Aspairt’s body was found eleven years after he disappeared. Withered to the bone and mingling with the rest of the catacomb residents, his body was identified only by his keys to the Val De Grace, the French military hospital where he worked as the gatekeeper during the French Revolution.  He is recognized as the earliest cataphile in history. Perhaps Aspairt’s reason for entering the underground cemetery is why we explore the ruins of our own cities today: no heart beats forever and no home is eternal.

*

Bart helps me into the canoe. He is thin, with jowls that swing from the bottom of his neck and white hair that hangs from under his baseball cap that reads, “The Gowanus Dredgers.” He volunteers here, at the Gowanus Canal, where he educates Brooklyn residents about the waterway by means of rowing. I step carefully onboard and sit in the front of the canoe, staring at the foamy water.
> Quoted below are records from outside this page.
theorem theorem2:
  fixes blk :: "'n::finite \<Rightarrow> 'i::finite"
    and Xs :: "'i \<Rightarrow> (real^'n) set"
    and f g :: "'i \<Rightarrow> real^'n \<Rightarrow> real"
    and Df Dg :: "'i \<Rightarrow> real^'n \<Rightarrow> real^'n"
    and nc :: nat
    and h :: "nat \<Rightarrow> real^'n \<Rightarrow> real"
    and Dh :: "nat \<Rightarrow> real^'n \<Rightarrow> real^'n"
    and L \<tau> :: "'i \<Rightarrow> real"
    and x :: "nat \<Rightarrow> real^'n"
  assumes blocks_nonempty: "surj blk"
    and Xs_block: "\<And>i. Xs i \<subseteq> range (block_proj blk i)"
    \<comment> \<open>(A2)\<close>
    and A2: "\<And>i. Xs i \<noteq> {} \<and> closed (Xs i) \<and> convex (Xs i)"
    \<comment> \<open>(A1)\<close>
    and A1: "\<exists>U. open U \<and> prod_set blk Xs \<subseteq> U \<and>
       (\<forall>i. convex_on U (f i) \<and> convex_on U (g i)
          \<and> (\<forall>z\<in>U. (f i has_derivative (\<lambda>v. Df i z \<bullet> v)) (at z))
          \<and> (\<forall>z\<in>U. (g i has_derivative (\<lambda>v. Dg i z \<bullet> v)) (at z))
          \<and> continuous_on U (Df i) \<and> continuous_on U (Dg i))
     \<and> (\<forall>j<nc. convex_on U (h j)
          \<and> (\<forall>z\<in>U. (h j has_derivative (\<lambda>v. Dh j z \<bullet> v)) (at z))
          \<and> continuous_on U (Dh j))"
    and Lip: "\<And>i u v. u \<in> prod_set blk Xs \<Longrightarrow> v \<in> prod_set blk Xs \<Longrightarrow>
       norm (Df i u - Df i v) \<le> L i * norm (u - v)"
    and tau_pos: "\<And>i. \<tau> i > 0"
    and tau_min: "Min (range \<tau>) > 2 * (\<Sum>i\<in>UNIV. L i)"
    \<comment> \<open>Algorithm 1 with gamma = 1 started from x 0 in Xi\<close>
    and x0: "x 0 \<in> feas_set blk Xs nc h"
    \<comment> \<open>(A4)\<close>
    and A4: "compact {z \<in> feas_set blk Xs nc h. dc_obj f g z \<le> dc_obj f g (x 0)}"
    and iter: "\<And>\<nu>. x (Suc \<nu>) = xhat blk Xs nc h f g Df Dg \<tau> (x \<nu>)"
  shows "(\<exists>\<nu>. dc_stationary blk Xs nc h Df Dg (x \<nu>))
       \<or> ((\<exists>l. limit_point x l)
          \<and> (\<forall>l. limit_point x l \<longrightarrow> dc_stationary blk Xs nc h Df Dg l))"
proof (cases "\<exists>u\<in>prod_set blk Xs. \<exists>v\<in>prod_set blk Xs. u \<noteq> v")
  case False
  \<comment> \<open>Then \<open>\<Xi> = {x 0}\<close>; this case is needed because the Lipschitz bound gives \<open>L \<ge> 0\<close> only
    when \<open>X\<close> has two points.\<close>
  then have "dc_stationary blk Xs nc h Df Dg (x 0)"
    using x0 by (auto simp: dc_stationary_def feas_set_def)
  then show ?thesis
    by blast
next
  case True
  then obtain u v where uv: "u \<in> prod_set blk Xs" "v \<in> prod_set blk Xs" "u \<noteq> v"
    by blast
  have L_nonneg: "0 \<le> L i" for i
    using Lip[OF uv(1,2), of i] uv(3) zero_le_mult_iff[of "L i" "norm (u - v)"]
      order_trans[OF norm_ge_zero] by fastforce
  have "\<exists>U. dc_problem blk Xs f g Df Dg nc h Dh L \<tau> U"
    using A1 A2 Lip L_nonneg tau_pos unfolding dc_problem_def
    by (elim exE conjE) (rule exI, intro conjI allI impI; (assumption | blast))
  then obtain U where "dc_problem blk Xs f g Df Dg nc h Dh L \<tau> U" ..
  then interpret dc_problem blk Xs f g Df Dg nc h Dh L \<tau> U .
  show ?thesis
    using best_response_limit_points_stationary[OF _ x0 A4 iter] tau_min
    unfolding tmin_def by blast
qed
“Isn’t it nice to have such accessible nature right here in Brooklyn?” Bart asks as he kicks the canoe from the dock and I float away. A crumpled Frito Lay bag drifts alongside the canoe.

“How many people canoe the canal?” I ask.

“We expect around two thousand this season. Our biggest crowd yet.”

This is my first time in a canoe. It’s quiet as I move past the houseboats, one of which has charming lace curtains in the windows. Bart will later tell me that this is “Jerko the Gowanus Water Vacuum,” a salvaged houseboat that serves as a show space for do-it-yourself sustainability projects. I continue past and find a great egret standing atop a rotting barge, demolished cars stacked like silverware along the shore, a pussy willow releasing its gray blossoms into the edges of the canal and empty silos and heaps of trash casting shadows. The used condom count rises to eight.

There is no way to know this now, in this moment on the Gowanus, but in a year I will find myself canoeing on a river in Alabama with my Uncle Joe, my mother’s brother and the sole surviving member of her immediate family. The environment will be completely unlike Brooklyn: we will float through the emerald waters in which we will see the rocky bottom, laugh into the vast blue sky, and breathe in fresh air. But my intentions are no different. I will ask him about my mother’s youth, to learn about her younger days in Brooklyn, the stories and memories that will disappear when he too is gone. Here, in and about New York, I do the same as I collect all of these abandoned stories before they join my mother and her past. 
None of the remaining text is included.